- Harrison at 2008 Cinevegas
- Born: New York City
- Occupations: Film director, screenwriter, producer
- Years active: 1969 to present

= Matthew Harrison (director) =

American screenwriter, director, and producer

Matthew Harrison (born in New York City) is an American television and film director, producer and writer. He first came to prominence when his feature film Rhythm Thief was awarded Special Jury Recognition for Directing at the Sundance Film Festival. His first studio feature Kicked in the Head was executive produced by Martin Scorsese and released by Universal Studios. He directed episodes 1X11 and 1X12 of HBO's Sex and the City.

==Early films==
Harrison attended PS 41 in downtown Manhattan where he began making 8mm films at age nine. During the 60's, 70's and 80's, Harrison made 8mm and S8mm short films.
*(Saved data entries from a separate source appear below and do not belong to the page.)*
text \<open>Each of the \<open>j - i\<close> adjacencies between \<open>i\<close> and \<open>j\<close> is either a colour change or counted
  by \<open>acount\<close>.\<close>
lemma acount_eq_colour_changes:
  assumes "1 \<le> i" "i \<le> j"
  shows "int (acount col i j) = int (j - i) - (colour_changes col j - colour_changes col i)"
proof -
  have "{m. min i j \<le> m \<and> m + 1 \<le> max i j \<and> col m = col (m + 1)} = {i..<j} \<inter> {m. col m = col (Suc m)}"
    using assms by auto
  then have "int (acount col i j) = (\<Sum>m\<in>{i..<j}. of_bool (col m = col (Suc m)))"
    unfolding acount_def by (simp add: sum_of_bool_eq)
  moreover have "colour_changes col j = colour_changes col i + (\<Sum>m\<in>{i..<j}. of_bool (col m \<noteq> col (Suc m)))"
    unfolding colour_changes_def by (rule sum.atLeastLessThan_concat[symmetric]) (use assms in auto)
  moreover have "(\<Sum>m\<in>{i..<j}. of_bool (col m = col (Suc m)) + of_bool (col m \<noteq> col (Suc m))) = (\<Sum>m\<in>{i..<j}. 1::int)"
    by (rule sum.cong) auto
  ultimately show ?thesis using assms by (simp add: sum.distrib)
qed

lemma sgnij_eq_parity_sign:
  assumes "1 \<le> i" "i < j"
  shows "sgnij col i j = parity_sign ((int (j - i) + int (acount col i j) - 1) div 2)"
         "sgnij col j i = sgnij col i j"
proof -
  have "int ((j - i + acount col i j - 1) div 2) = (int (j - i) + int (acount col i j) - 1) div 2"
    using assms by (simp add: zdiv_int of_nat_diff)
  then show "sgnij col i j = parity_sign ((int (j - i) + int (acount col i j) - 1) div 2)"
    using assms unfolding sgnij_def by (simp add: minus_one_power_eq_parity_sign)
  show "sgnij col j i = sgnij col i j"
    using assms unfolding sgnij_def by (simp add: acount_sym)
qed

definition node_sign :: "(nat \<Rightarrow> bool) \<Rightarrow> nat \<Rightarrow> int" where
  "node_sign col p = parity_sign (int p + colour_changes col p div 2)"

lemma node_sign_cases: "node_sign col p = 1 \<or> node_sign col p = -1"
  by (simp add: node_sign_def parity_sign_cases)

lemma eps_eq_node_signs:
  assumes "1 \<le> b" "1 \<le> w" "col b" "\<not> col w"
  shows "eps col b w = (if col 1 then -1 else 1) * node_sign col b * node_sign col w"
proof -
  define cb where "cb = colour_changes col b"
  define cw where "cw = colour_changes col w"
  have parity: "even cb \<longleftrightarrow> col 1" "even cw \<longleftrightarrow> \<not> col 1"
    using even_colour_changes_iff[of b col] even_colour_changes_iff[of w col] assms
    unfolding cb_def cw_def by auto
  have "(if col 1 then -1 else 1) = parity_sign (of_bool (col 1))"
    by (simp add: parity_sign_def)
  then have rhs: "(if col 1 then -1 else 1) * node_sign col b * node_sign col w
      = parity_sign (of_bool (col 1) + (int b + cb div 2) + (int w + cw div 2))"
    unfolding node_sign_def cb_def cw_def by (simp only: parity_sign_add)
  have "b \<noteq> w" using assms by auto
  then consider "b < w" | "w < b" by linarith
  then show ?thesis
  proof cases
    case 1
    have "int (acount col b w) = int w - int b - (cw - cb)"
      using 1 assms acount_eq_colour_changes[of b w col] unfolding cb_def cw_def by simp
    then have "eps col b w = parity_sign ((2 * (int w - int b) - (cw - cb) - 1) div 2)"
      using 1 sgnij_eq_parity_sign[of b w col] assms unfolding eps_def by (simp add: of_nat_diff) (simp add: algebra_simps)
    also have "\<dots> = parity_sign (of_bool (col 1) + (int b + cb div 2) + (int w + cw div 2))"
      by (rule parity_sign_cong) (use 1 parity in \<open>cases "col 1"; simp; presburger\<close>)
    finally show ?thesis using rhs by simp
  next
    case 2
    have "int (acount col w b) = int b - int w - (cb - cw)"
      using 2 assms acount_eq_colour_changes[of w b col] unfolding cb_def cw_def by simp
    then have "eps col b w = - parity_sign ((2 * (int b - int w) - (cb - cw) - 1) div 2)"
      using 2 sgnij_eq_parity_sign[of w b col] assms unfolding eps_def by (simp add: of_nat_diff) (simp add: algebra_simps)
    also have "\<dots> = parity_sign ((2 * (int b - int w) - (cb - cw) - 1) div 2 + 1)"
      by (simp add: parity_sign_plus_one)
    also have "\<dots> = parity_sign (of_bool (col 1) + (int b + cb div 2) + (int w + cw div 2))"
      by (rule parity_sign_cong) (use 2 parity in \<open>cases "col 1"; simp; presburger\<close>)
    finally show ?thesis using rhs by simp
  qed
qed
His first public screening of a film was a 1971 screening of his short S8mm film Mission: Preposterous with an accompanying audio track played using a Wollensak ¼" tape recorder at the Ocean Bay Park Volunteer Fire Department. He completed his undergraduate studies at Cooper Union school of art in New York City. Harrison's 34 minute S8mm film Apartment Eight won Best Comedy at the 1988 New York Film Festival Downtown, was included in Anthology Film Archives “Masters of Super 8” program and received the Mystic Fire Independent Film Award at the 1989 Ann Arbor Film Festival. In 1989 his 27-minute 16mm short film Two Boneheads screened at the Salzburg, Austria Film Festival and was an award winner at the 1990 Long Island Film Festival.

==Film Crash==
In 1985 Harrison launched a film festival on the Lower East Side, adopting the name Film Crash in early 1988. He was joined later that year by film directors Karl Nussbaum and Scott Saunders. Film Crash grew, playing in venues such as Performance Space 122 and the Angelika Film Center. The festival inaugurated awards in 2014.

==Films for theater==
During the 1980s and 1990s, Harrison was also a contributing member of the experimental theater group Ridge Theater, producing and directing films for several theater productions, including Jack Benny at La Mama in 1988 and The Manson Family opera at Lincoln Center for the Performing Arts in 1990.

==Feature films==
In 1992 Harrison's first feature film Spare Me was awarded the Prix Tournage at Avignon Film Festival. He used the cash award from this prize to finance his second feature film Rhythm Thief, which was awarded Special Jury Recognition for Directing at the 1995 Sundance Film Festival. He directed his feature Kicked in the Head for October Films in 1997. Kicked in the Head was executive produced by Martin Scorsese, premiered in the Directors' Fortnight section of the 1997 Cannes Film Festival and was released theatrically by Universal Studios. On June 28, 2006, Harrison premiered his feature film The Deep and Dreamless Sleep at the Avignon Film Festival.

==Television==
He directed episode 7 of Popular for The WB Television Network and the television show Dead Last for Warner Brothers. According to InkTip.com, Harrison recently optioned the screenplay from screenwriter Anthony Keep, for the original pilot episode of the 30-minute television sitcom "SHOE DOGS".

==Producing==
In 2002 Harrison executive produced Mark Christensen's debut feature film Box Head Revolution. In 2006 Harrison executive produced Ben Rodkin's debut feature film Big Heart City starring Seymour Cassel and Shawn Andrews.

==Short films==
Harrison has continued to direct short films. His S8mm short The Bystander From Hell screened at the 1998 Sundance Film Festival and the 1998 Toronto International Film Festival. His S8mm short film Puke screened at the 1999 New York Underground Film Festival. His 16mm short film Wrist screened at the 2000 New York Underground Film Festival and the Bronwyn Keenan Gallery. His short Hey Vendor screened at the 2009 Slamdance Film Festival.

==Music videos==
Harrison has directed music videos for Lee Curreri, Travis Rush, Evan Clayburn's band Ansel and the Norwegian band Alexandria Quartet.

==Teaching==
Harrison has taught film at CalArts, American Film Institute, West Los Angeles College, Culver City High School and UCLA Extension Writers' Program.